[Exercise]
When you reach the line containing "principal_open_subset by auto" in the records below, start copying exactly, and stop once you have copied the line containing "principal_open q \<subseteq>".

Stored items
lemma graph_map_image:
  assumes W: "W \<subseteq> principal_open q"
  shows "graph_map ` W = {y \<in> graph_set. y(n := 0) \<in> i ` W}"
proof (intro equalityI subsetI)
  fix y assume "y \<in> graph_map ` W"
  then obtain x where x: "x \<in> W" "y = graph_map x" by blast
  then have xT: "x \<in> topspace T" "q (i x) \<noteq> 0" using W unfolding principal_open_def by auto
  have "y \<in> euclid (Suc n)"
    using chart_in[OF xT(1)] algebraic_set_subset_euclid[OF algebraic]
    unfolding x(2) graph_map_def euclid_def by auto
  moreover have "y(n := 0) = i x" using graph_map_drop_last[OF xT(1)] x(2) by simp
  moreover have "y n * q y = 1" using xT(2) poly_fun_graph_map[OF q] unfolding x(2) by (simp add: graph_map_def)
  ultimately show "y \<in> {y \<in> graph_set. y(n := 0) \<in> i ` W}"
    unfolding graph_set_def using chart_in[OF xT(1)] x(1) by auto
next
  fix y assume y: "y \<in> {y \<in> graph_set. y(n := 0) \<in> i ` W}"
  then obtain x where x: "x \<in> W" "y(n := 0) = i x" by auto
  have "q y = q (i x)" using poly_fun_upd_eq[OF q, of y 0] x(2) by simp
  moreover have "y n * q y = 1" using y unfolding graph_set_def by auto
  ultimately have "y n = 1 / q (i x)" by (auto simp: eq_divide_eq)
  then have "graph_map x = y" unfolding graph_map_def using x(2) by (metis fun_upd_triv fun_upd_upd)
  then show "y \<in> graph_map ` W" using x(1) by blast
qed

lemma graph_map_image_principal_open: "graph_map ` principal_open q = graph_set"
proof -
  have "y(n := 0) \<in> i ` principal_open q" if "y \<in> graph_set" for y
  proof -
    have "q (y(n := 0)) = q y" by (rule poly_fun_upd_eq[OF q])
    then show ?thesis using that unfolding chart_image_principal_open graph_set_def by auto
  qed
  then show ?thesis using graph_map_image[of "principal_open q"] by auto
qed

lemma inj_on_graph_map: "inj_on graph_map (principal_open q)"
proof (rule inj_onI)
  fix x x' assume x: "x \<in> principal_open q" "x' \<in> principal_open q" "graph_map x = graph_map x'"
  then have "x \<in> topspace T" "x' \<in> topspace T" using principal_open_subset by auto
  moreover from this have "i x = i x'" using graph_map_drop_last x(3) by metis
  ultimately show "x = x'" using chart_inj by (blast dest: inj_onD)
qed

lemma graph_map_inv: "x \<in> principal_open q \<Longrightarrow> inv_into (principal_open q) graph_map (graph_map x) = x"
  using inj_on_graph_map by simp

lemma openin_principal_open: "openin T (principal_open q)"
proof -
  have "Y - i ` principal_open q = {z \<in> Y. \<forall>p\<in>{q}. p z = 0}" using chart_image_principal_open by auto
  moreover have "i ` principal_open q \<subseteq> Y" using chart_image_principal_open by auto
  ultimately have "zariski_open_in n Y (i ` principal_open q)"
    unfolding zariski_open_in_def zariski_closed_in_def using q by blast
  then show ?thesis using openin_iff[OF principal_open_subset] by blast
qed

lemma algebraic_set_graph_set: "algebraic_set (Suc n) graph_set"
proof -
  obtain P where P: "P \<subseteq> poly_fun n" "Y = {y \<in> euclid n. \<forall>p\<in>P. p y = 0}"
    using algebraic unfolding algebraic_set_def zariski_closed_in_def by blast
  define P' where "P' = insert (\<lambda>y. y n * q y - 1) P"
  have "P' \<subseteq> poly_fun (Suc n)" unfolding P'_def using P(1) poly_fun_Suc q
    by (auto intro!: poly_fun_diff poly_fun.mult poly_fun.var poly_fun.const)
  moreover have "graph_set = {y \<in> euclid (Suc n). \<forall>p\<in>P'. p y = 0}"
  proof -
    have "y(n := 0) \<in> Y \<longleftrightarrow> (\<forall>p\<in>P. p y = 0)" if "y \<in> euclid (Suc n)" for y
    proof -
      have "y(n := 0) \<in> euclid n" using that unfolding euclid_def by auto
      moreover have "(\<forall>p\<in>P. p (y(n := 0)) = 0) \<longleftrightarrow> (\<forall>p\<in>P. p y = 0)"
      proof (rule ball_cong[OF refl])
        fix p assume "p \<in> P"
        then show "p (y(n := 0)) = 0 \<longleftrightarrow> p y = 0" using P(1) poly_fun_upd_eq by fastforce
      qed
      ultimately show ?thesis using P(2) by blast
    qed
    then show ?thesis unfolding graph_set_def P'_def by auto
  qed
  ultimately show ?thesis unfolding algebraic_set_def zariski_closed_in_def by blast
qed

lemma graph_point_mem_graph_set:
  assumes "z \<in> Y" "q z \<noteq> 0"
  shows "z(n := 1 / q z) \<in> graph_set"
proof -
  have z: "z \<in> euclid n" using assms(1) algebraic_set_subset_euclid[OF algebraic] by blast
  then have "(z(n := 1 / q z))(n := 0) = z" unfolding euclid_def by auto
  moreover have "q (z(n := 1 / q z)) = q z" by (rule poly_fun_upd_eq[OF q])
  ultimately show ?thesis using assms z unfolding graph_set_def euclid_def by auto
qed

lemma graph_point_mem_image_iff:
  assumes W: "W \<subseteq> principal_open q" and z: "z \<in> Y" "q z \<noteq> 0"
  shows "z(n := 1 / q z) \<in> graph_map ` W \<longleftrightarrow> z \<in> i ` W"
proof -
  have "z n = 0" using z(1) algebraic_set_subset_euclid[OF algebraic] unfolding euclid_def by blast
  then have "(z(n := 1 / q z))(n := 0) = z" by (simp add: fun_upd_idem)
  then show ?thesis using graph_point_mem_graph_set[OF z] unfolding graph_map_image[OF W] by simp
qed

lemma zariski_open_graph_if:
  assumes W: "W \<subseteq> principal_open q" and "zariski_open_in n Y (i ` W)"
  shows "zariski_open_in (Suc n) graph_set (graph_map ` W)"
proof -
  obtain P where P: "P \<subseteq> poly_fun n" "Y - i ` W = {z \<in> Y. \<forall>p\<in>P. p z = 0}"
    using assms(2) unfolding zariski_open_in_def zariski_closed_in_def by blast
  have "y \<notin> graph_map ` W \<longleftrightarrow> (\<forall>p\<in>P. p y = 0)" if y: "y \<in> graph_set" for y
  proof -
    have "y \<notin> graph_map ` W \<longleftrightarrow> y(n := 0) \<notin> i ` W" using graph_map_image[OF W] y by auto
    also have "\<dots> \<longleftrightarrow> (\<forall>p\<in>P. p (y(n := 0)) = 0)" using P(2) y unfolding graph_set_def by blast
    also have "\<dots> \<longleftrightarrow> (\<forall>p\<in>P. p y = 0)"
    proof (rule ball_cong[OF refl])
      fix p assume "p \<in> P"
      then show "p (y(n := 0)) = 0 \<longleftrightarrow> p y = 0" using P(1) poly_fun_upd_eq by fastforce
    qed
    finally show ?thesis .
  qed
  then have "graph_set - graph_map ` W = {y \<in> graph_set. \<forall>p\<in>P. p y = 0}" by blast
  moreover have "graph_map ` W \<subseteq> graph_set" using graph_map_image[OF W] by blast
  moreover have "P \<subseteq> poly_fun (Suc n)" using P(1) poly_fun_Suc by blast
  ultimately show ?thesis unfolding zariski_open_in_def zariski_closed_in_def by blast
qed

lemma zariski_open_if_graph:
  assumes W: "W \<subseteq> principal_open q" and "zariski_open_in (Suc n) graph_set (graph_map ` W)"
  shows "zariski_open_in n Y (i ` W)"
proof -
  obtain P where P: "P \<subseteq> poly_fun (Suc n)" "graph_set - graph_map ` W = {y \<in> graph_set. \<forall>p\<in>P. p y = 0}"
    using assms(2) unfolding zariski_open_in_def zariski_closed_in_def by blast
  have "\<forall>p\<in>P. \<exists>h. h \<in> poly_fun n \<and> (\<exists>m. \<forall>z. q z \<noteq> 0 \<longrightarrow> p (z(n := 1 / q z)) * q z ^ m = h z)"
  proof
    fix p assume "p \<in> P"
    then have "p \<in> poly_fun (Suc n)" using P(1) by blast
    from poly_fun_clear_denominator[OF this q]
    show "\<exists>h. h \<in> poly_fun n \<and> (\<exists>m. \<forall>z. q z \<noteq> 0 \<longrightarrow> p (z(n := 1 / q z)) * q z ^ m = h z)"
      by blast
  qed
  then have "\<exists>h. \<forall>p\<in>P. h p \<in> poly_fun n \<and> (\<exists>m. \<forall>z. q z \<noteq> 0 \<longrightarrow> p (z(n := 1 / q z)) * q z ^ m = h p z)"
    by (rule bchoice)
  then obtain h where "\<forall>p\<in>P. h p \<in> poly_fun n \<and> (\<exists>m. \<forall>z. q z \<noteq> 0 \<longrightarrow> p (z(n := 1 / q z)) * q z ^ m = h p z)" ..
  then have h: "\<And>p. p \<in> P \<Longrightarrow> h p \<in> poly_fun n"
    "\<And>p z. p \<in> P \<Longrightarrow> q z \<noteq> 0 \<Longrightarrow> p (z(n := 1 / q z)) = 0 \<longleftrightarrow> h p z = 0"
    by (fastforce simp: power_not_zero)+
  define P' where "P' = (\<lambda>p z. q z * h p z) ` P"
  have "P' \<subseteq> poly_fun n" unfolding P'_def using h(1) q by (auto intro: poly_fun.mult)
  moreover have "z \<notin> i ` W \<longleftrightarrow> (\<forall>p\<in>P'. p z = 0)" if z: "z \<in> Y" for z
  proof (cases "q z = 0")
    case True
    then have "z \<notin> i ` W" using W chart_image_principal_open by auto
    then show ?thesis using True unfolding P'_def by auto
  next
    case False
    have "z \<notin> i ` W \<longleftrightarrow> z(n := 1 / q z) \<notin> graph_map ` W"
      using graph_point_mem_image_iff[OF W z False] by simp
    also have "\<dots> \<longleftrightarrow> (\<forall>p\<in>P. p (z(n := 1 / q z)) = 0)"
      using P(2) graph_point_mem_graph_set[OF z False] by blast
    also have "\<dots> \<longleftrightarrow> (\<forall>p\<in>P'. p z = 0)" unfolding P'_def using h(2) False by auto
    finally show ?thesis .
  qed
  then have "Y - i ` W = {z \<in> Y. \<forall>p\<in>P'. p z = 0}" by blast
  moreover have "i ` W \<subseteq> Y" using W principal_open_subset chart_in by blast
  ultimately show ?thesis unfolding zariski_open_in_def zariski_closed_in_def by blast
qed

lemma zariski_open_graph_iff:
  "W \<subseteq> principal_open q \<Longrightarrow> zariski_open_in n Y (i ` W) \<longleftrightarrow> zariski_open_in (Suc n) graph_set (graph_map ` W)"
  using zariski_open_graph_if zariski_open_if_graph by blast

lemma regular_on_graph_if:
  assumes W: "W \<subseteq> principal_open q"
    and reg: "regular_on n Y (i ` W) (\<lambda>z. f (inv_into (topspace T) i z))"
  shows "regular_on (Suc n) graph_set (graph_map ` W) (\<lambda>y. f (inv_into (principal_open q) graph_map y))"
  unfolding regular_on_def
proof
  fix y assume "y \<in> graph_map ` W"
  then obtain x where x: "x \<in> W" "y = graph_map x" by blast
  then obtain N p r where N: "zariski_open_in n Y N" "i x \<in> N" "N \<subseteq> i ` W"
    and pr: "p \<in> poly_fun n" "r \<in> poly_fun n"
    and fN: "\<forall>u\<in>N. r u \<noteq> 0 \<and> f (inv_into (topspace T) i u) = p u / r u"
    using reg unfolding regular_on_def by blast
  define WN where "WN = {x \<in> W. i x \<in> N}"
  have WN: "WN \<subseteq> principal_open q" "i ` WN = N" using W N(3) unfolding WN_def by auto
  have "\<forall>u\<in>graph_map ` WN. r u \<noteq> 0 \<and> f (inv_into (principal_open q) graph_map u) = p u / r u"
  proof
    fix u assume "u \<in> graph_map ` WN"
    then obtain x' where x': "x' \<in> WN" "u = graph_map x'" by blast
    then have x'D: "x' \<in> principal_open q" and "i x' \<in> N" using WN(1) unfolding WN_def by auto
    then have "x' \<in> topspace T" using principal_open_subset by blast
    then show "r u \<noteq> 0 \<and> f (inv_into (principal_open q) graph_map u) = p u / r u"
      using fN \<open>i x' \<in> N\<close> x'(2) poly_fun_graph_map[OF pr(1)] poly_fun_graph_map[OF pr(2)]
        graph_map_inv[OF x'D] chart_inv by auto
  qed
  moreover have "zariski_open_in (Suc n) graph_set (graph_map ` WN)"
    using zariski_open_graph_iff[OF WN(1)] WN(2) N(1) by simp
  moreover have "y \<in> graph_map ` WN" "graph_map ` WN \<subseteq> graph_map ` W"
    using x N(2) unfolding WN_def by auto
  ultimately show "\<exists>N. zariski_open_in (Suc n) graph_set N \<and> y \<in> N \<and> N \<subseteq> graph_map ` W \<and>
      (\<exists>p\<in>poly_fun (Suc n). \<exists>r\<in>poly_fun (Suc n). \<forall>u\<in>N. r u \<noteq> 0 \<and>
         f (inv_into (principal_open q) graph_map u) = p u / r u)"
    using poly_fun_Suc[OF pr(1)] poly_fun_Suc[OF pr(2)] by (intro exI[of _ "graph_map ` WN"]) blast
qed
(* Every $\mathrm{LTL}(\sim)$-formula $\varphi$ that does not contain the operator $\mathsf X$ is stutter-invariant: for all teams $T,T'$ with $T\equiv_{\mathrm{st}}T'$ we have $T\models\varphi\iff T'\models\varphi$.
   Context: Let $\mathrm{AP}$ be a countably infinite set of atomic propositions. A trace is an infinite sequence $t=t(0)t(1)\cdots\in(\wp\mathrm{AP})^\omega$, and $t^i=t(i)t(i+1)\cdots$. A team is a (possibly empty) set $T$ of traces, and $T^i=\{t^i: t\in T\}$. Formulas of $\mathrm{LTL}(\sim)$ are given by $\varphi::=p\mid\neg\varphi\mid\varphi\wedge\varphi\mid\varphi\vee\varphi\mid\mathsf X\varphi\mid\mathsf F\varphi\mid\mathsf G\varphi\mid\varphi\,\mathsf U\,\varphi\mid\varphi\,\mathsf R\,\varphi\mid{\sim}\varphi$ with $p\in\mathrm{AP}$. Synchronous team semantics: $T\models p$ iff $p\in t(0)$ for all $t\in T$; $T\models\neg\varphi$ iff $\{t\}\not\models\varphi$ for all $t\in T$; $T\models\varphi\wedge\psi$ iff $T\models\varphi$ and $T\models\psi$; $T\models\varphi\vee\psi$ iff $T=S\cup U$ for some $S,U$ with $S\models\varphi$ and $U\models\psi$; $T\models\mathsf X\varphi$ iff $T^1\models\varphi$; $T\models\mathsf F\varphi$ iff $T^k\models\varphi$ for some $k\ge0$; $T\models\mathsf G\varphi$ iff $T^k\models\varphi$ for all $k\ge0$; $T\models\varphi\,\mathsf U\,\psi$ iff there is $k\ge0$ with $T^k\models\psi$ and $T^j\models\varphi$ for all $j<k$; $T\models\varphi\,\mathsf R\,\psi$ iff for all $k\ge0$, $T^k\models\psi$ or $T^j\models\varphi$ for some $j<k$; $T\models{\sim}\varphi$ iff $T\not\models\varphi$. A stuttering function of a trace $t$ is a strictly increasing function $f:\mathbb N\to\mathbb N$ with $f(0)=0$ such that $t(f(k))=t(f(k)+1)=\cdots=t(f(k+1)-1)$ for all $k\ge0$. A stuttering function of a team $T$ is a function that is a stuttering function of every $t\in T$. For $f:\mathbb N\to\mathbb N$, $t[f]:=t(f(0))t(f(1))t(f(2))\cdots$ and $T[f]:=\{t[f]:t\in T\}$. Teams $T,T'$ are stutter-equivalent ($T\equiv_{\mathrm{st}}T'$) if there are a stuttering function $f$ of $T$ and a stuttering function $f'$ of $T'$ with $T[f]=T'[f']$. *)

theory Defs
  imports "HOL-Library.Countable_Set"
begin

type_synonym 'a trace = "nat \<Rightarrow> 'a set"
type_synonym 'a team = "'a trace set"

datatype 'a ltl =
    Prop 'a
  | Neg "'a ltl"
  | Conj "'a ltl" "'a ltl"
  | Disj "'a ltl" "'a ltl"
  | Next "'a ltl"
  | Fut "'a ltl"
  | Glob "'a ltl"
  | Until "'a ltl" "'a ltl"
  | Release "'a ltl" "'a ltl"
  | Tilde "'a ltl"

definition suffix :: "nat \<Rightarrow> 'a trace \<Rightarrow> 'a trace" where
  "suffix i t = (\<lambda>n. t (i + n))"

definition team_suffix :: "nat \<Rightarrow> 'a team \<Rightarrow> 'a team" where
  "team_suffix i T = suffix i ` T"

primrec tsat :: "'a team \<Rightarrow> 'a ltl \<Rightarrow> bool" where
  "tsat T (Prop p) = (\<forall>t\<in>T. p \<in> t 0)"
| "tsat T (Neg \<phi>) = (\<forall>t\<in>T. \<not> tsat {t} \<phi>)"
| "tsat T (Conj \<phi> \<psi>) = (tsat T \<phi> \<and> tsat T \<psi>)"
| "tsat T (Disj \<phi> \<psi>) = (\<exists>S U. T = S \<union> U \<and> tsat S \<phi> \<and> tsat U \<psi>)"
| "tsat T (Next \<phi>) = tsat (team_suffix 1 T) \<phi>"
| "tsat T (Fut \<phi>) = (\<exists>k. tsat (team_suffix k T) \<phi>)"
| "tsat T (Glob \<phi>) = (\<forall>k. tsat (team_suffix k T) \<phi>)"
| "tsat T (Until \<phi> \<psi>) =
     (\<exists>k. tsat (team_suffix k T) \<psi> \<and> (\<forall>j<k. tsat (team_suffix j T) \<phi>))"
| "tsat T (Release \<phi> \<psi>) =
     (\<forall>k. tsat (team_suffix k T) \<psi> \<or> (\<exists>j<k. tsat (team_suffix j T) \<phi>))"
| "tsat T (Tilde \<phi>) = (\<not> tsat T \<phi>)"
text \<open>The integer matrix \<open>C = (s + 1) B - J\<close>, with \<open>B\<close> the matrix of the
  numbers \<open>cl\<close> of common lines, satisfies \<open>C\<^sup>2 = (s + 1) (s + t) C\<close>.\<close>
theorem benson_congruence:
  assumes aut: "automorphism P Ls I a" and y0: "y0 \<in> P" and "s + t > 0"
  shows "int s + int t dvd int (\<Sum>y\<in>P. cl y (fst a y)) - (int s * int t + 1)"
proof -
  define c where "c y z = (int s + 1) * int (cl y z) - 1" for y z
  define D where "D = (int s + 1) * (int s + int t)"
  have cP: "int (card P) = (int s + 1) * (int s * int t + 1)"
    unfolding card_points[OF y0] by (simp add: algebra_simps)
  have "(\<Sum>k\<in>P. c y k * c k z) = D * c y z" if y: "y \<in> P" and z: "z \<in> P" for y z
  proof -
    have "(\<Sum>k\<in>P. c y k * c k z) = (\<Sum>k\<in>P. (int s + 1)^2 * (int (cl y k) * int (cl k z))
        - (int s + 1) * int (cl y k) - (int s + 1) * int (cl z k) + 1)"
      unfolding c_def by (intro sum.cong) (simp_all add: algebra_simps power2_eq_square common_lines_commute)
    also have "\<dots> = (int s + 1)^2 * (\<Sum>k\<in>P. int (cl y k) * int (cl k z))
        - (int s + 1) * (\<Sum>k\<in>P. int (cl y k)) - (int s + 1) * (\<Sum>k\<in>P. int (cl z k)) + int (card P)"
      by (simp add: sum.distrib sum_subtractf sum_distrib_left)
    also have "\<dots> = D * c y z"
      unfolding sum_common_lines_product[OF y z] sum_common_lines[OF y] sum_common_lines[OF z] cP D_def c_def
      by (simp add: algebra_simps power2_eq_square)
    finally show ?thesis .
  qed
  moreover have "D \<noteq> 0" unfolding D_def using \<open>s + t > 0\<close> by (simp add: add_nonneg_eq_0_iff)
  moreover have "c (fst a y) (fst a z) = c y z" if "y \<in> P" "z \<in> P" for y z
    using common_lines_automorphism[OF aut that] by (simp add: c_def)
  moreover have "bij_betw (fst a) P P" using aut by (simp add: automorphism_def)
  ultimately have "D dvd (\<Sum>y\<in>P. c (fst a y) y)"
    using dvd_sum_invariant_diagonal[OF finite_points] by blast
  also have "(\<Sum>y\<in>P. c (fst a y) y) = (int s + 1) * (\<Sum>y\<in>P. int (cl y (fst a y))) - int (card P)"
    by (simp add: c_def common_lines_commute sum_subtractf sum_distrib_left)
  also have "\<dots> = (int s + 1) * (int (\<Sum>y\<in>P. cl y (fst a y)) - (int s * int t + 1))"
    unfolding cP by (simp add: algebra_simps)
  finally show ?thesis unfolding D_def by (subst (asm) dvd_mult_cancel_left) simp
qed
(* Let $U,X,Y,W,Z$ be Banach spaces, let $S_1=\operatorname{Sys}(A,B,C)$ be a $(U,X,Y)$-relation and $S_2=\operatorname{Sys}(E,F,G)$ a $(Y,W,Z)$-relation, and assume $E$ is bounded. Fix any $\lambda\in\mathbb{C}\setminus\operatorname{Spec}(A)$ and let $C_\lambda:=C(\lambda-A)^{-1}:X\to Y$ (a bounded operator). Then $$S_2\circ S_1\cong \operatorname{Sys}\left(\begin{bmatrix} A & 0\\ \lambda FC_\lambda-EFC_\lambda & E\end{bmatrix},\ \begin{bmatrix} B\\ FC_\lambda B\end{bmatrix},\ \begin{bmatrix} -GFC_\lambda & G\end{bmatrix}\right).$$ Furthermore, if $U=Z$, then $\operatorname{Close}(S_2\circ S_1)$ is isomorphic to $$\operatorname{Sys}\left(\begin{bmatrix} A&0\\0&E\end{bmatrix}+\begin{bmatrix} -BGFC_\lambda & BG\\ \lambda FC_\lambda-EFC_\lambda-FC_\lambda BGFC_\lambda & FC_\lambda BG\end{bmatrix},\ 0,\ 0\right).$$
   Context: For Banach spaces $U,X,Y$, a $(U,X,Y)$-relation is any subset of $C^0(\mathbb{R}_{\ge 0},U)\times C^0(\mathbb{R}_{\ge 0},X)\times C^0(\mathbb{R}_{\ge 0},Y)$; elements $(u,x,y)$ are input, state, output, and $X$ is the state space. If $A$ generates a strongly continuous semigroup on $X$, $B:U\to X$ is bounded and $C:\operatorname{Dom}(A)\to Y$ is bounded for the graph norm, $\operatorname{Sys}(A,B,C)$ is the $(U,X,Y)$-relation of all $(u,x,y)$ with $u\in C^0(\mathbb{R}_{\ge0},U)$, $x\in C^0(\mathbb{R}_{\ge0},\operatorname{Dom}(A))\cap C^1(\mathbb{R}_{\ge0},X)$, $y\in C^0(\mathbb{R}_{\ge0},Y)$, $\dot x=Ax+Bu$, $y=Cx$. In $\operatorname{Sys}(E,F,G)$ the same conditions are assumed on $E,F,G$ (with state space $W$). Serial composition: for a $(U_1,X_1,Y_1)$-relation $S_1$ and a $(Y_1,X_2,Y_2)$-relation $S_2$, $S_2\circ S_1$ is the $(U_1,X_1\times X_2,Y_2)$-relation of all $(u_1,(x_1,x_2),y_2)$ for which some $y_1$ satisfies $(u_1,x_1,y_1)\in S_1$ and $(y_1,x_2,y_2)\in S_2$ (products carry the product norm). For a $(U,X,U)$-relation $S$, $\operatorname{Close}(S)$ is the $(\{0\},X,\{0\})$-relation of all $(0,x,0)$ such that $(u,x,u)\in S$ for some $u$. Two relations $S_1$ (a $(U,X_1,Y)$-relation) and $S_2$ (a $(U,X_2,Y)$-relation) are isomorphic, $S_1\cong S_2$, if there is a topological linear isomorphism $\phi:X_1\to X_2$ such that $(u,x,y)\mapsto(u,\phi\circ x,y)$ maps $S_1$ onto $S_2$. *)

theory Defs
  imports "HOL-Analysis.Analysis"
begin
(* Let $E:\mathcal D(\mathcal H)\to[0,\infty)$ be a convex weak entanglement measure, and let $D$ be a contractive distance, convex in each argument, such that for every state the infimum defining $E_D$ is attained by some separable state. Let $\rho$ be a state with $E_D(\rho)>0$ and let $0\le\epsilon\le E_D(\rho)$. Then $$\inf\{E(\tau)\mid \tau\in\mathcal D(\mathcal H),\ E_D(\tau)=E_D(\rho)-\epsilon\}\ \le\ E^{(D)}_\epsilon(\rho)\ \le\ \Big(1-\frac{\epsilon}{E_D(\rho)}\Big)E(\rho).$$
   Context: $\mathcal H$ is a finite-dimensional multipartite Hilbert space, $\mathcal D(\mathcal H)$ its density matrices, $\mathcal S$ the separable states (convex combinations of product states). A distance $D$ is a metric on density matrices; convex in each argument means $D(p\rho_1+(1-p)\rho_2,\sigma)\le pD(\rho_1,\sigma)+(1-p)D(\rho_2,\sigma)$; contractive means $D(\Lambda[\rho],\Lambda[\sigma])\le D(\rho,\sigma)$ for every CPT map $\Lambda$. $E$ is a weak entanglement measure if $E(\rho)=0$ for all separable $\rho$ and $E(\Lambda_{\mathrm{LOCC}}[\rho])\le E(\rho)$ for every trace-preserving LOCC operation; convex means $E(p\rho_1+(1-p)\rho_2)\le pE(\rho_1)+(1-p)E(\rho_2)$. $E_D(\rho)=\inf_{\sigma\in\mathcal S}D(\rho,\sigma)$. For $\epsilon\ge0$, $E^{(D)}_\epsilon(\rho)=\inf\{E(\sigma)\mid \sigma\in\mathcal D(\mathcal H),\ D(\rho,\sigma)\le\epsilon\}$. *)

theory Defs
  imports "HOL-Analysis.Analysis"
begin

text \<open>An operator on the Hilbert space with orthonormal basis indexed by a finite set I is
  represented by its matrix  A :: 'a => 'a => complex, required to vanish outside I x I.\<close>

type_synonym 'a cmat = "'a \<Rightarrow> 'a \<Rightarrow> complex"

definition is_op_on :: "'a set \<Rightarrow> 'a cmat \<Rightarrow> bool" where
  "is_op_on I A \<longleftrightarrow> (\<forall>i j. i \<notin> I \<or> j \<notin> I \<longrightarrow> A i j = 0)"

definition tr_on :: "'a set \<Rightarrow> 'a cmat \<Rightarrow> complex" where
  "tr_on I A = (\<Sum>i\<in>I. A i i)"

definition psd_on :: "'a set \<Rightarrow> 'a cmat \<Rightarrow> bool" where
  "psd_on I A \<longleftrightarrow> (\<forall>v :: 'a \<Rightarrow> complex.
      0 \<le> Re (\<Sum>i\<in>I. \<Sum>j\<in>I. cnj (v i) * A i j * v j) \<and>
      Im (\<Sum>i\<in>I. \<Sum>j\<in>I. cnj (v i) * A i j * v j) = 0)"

[Solution]
  then have "x \<in> topspace T" "x' \<in> topspace T" using principal_open_subset by auto
  moreover from this have "i x = i x'" using graph_map_drop_last x(3) by metis
  ultimately show "x = x'" using chart_inj by (blast dest: inj_onD)
qed

lemma graph_map_inv: "x \<in> principal_open q \<Longrightarrow> inv_into (principal_open q) graph_map (graph_map x) = x"
  using inj_on_graph_map by simp

lemma openin_principal_open: "openin T (principal_open q)"
proof -
  have "Y - i ` principal_open q = {z \<in> Y. \<forall>p\<in>{q}. p z = 0}" using chart_image_principal_open by auto
  moreover have "i ` principal_open q \<subseteq> Y" using chart_image_principal_open by auto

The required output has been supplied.